Suudi’de geçtiğimiz Çarşamba günü bu sefer işadamlarına yönelik ikinci dalga operasyon düzenlendi.
Anladığımız o ki bir süre daha Suudi Arabistan’da tutuklamalar da, suikastlar da devam edecek.
xxx
ABD, bölgede tam hâkimiyet, İsrail için tam güvenlik, petrol için tam kontrol istiyor. Bunun için ahlaki ve insani hiçbir ilke tanımadığını tecrübelerden biliyoruz. Irak’ı “kimyasal ve nükleer silah bulunduruyor” yalanıyla işgal eden, bu işgal sürecinde milyonlarca insanı katleden ABD hiçbir ilke tanımadığını bir kez daha göstermişti. Afganistan’ı anlatmama gerek yok.
Amerika bölgede tam hegemonya için hem Türkiye ile hem İran ile hesaplaşmak istiyor, bunu ilk Türkiye üzerinden denemek istedi, lakin Türkiye basiretli davrandı ve oyuna gelmedi. İsrail’in tam güvenliği için Amerika, Suudi üzerinden Şii-Sünni savaşını körüklüyor.

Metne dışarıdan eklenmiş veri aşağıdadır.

lemma emeasure_std_gauss_vec_split_box:
  fixes a :: "'b::finite" and \<iota> :: "'k::finite \<Rightarrow> 'b"
  assumes inj: "inj \<iota>" and a: "a \<notin> range \<iota>"
    and A: "A \<in> sets borel" and B: "\<And>i. B i \<in> sets borel"
  shows "emeasure (std_gauss_vec :: (real^'b) measure) {y. y $ a \<in> A \<and> (\<forall>i. y $ \<iota> i \<in> B i)}
       = emeasure std_normal A * (\<Prod>i\<in>UNIV. emeasure std_normal (B i))"
proof -
  define C where "C b = (if b = a then A else if b \<in> range \<iota> then B (inv \<iota> b) else UNIV)" for b
  have "C (\<iota> i) = B i" for i
    using a by (auto simp: C_def inv_f_f[OF inj])
  then have "y $ \<iota> i \<in> B i" if "\<forall>b. y $ b \<in> C b" for y i
    using that by metis
  then have "{y. y $ a \<in> A \<and> (\<forall>i. y $ \<iota> i \<in> B i)} = {y::real^'b. \<forall>b. y $ b \<in> C b}"
    by (auto simp: C_def inv_f_f[OF inj])
  moreover have "C b \<in> sets borel" for b
    using A B by (simp add: C_def)
  ultimately have "emeasure (std_gauss_vec :: (real^'b) measure) {y. y $ a \<in> A \<and> (\<forall>i. y $ \<iota> i \<in> B i)}
      = (\<Prod>b\<in>UNIV. emeasure std_normal (C b))"
    by (simp add: emeasure_std_gauss_vec_coordinate_box)
  also have "\<dots> = (\<Prod>b\<in>UNIV. (if b = a then emeasure std_normal A else 1)
      * (if b \<in> range \<iota> then emeasure std_normal (B (inv \<iota> b)) else 1))"
    using a prob_space.emeasure_space_1[OF prob_space_std_normal]
    by (intro prod.cong) (auto simp: C_def)
  also have "\<dots> = emeasure std_normal A * (\<Prod>b\<in>range \<iota>. emeasure std_normal (B (inv \<iota> b)))"
    by (simp add: prod.distrib prod.inter_restrict[symmetric])
  also have "(\<Prod>b\<in>range \<iota>. emeasure std_normal (B (inv \<iota> b))) = (\<Prod>i\<in>UNIV. emeasure std_normal (B i))"
    by (simp add: prod.reindex[OF inj] inv_f_f[OF inj])
  finally show ?thesis .
qed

Bölgede güçlü devletlerin varlığına tahammül etmeyen Amerika’nın amacına ulaşmak için bölgeyi baştanbaşa ateşe atmaktan çekinmeyeceğini biliyoruz.
Keza, Amerika ve Batı’nın talimatıyla Körfez ülkelerinde tedavülden kalkmış söylemler yeniden tedavüle sokuluyor. Bölgede yeniden“irtica ile mücadele!” seslerinin yükselmesi ve Suudi veliaht prensi tarafından dillendirilen “ılımlı İslam” projesi bölgedeki Müslüman halka ağır bedeller ödetmesini beraberinde getirecek tehlikeyi haber veriyor. Fransa Cumhurbaşkanı’nın BAE ziyaretinde “irtica” telaffuzu bu tehlikeli sürecin başlangıcı olarak değerlendirilmelidir.

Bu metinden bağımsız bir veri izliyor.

lemma reflection_homogeneous:
  assumes AB: "complementary_subspaces A B" and A: "graded_subspace A" and B: "graded_subspace B"
    and v: "v \<in> G \<gamma>"
  shows "reflection A B v \<in> G \<gamma>"
proof -
  obtain a b where ab: "a \<in> A" "b \<in> B" "v = a + b"
    using AB unfolding complementary_subspaces_def by blast
  have "A \<inter> B = {0}" "B \<inter> A = {0}"
    using AB unfolding complementary_subspaces_def by auto
  then have "a \<in> G \<gamma>" "b \<in> G \<gamma>"
    using graded_direct_summand_homogeneous[OF A B _ ab(1,2)] graded_direct_summand_homogeneous[OF B A _ ab(2,1)]
      v ab(3) by (simp_all add: add.commute)
  then show ?thesis
    using ab reflection_add[OF AB] subspace_G V.subspace_diff by simp
qed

Önümüzdeki süreçte hem İran ve Katar, hem de Filistin halkının bu suçlama ile ablukaya alınacağını öngörmek kehanetten öte bir projedir. Türkiye ilgili ne düşündüklerini ise son bir yıl içinde defaatle yazmıştık.

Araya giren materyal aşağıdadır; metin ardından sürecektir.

lemma lex_minimal_le_half_of_not_veto:
  fixes v :: "'n::finite set \<Rightarrow> real"
  assumes g: "simple_game v" and lm: "lex_minimal v x" and wins: "v (- {i}) = 1"
  shows "x i \<le> 1 / 2"
proof -
  have "- {i} \<noteq> {}" using wins simple_game_empty[OF g] by auto
  then obtain j where "j \<in> - {i}" by auto
  then obtain S where S: "i \<in> S" "j \<notin> S" "excess v (- {i}) x \<le> excess v S x"
    using lex_minimal_balanced_surplus[OF lm, of i j "- {i}"] by auto
  have "excess v (- {i}) x = x i"
    using excess_Compl_singleton[OF lex_minimal_coal_sum[OF lm]] wins by simp
  moreover have "x i \<le> sum x S"
    using S(1) lex_minimal_nonneg[OF g lm] by (intro member_le_sum) auto
  moreover have "v S \<le> 1" using simple_game_cases[OF g, of S] by auto
  ultimately show ?thesis using S(3) by (simp add: excess_eq_sum)
qed

lemma lex_minimal_le_half_of_veto:
  fixes v :: "'n::finite set \<Rightarrow> real"
  assumes g: "simple_game v" and lm: "lex_minimal v x" and veto: "v (- {i}) = 0"
    and "x i < 1"
  shows "x i \<le> 1 / 2"
proof -
  have sum_x: "coal_sum x UNIV = 1" by (rule lex_minimal_coal_sum[OF lm])
  have nonpos: "excess v S x \<le> 0" for S
  proof (rule lex_minimal_excess_le[OF lm, of "\<lambda>k. if k = i then 1 else 0"])
    show "coal_sum (\<lambda>k. if k = i then 1 else 0) UNIV \<le> 1" by (simp add: coal_sum_def)
    show "excess v S' (\<lambda>k. if k = i then 1 else 0) \<le> 0" for S'
      using simple_game_cases[OF g, of S'] simple_game_veto[OF g veto, of S']
      by (auto simp: excess_eq_sum)
  qed
  have "sum x (- {i}) = 1 - x i"
    using sum_x sum.remove[of UNIV i x] by (simp add: coal_sum_def Compl_eq_Diff_UNIV)
  then have "0 < sum x (- {i})" using \<open>x i < 1\<close> by simp
  then obtain k where k: "k \<noteq> i" "0 < x k"
    using sum_nonpos[of "- {i}" x] by (force simp: not_le)
  have "v (- {k}) \<noteq> 1"
    using nonpos[of "- {k}"] excess_Compl_singleton[OF sum_x, of v k] k(2) by simp
  then have veto_k: "v (- {k}) = 0" using simple_game_cases[OF g] by blast
  obtain S where S: "i \<in> S" "k \<notin> S" "excess v (- {i}) x \<le> excess v S x"
    using lex_minimal_balanced_surplus[OF lm, of i k "- {i}"] k(1) by auto
  have "x i \<le> sum x S"
    using S(1) lex_minimal_nonneg[OF g lm] by (intro member_le_sum) auto
  then have "excess v S x \<le> - x i"
    using simple_game_veto[OF g veto_k S(2)] by (simp add: excess_eq_sum)
  moreover have "excess v (- {i}) x = x i - 1" using excess_Compl_singleton[OF sum_x] veto by simp
  ultimately show ?thesis using S(3) by simp
qed

theorem theorem5:
  fixes v :: "'n::finite set \<Rightarrow> real" and i :: 'n
  assumes "simple_game v"
    and "nucleolus v i < 1"
  shows "nucleolus v i \<le> 1 / 2"
proof (cases "v (- {i}) = 1")
  case True
  then show ?thesis
    using lex_minimal_le_half_of_not_veto[OF assms(1) lex_minimal_nucleolus] by blast
next
  case False
  then have "v (- {i}) = 0" using simple_game_cases[OF assms(1)] by blast
  then show ?thesis
    using lex_minimal_le_half_of_veto[OF assms(1) lex_minimal_nucleolus _ assms(2)] by blast
qed

end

Uzakdoğu turunda olan Trump, Çin seyahatinde 350 milyar dolarlık anlaşmaya imza atarak Çin’in bölge ile ilgilenmesinin önüne geçti. Rusya’yı da ablukaya alma planları olan Amerika’nın bölgede inisiyatifi ele geçirmesine Putin yönetiminin ne ile ve nasıl cevap vereceği cevabını arayan bir başka soru.
Bölge artık uzun süre rahat yüzü görmeyecek, Türkiye kenetlenerek, kırgınlıkları bir tarafa bırakarak gelecek olan büyük felaketten kazançlı çıkmaya bakmalıdır.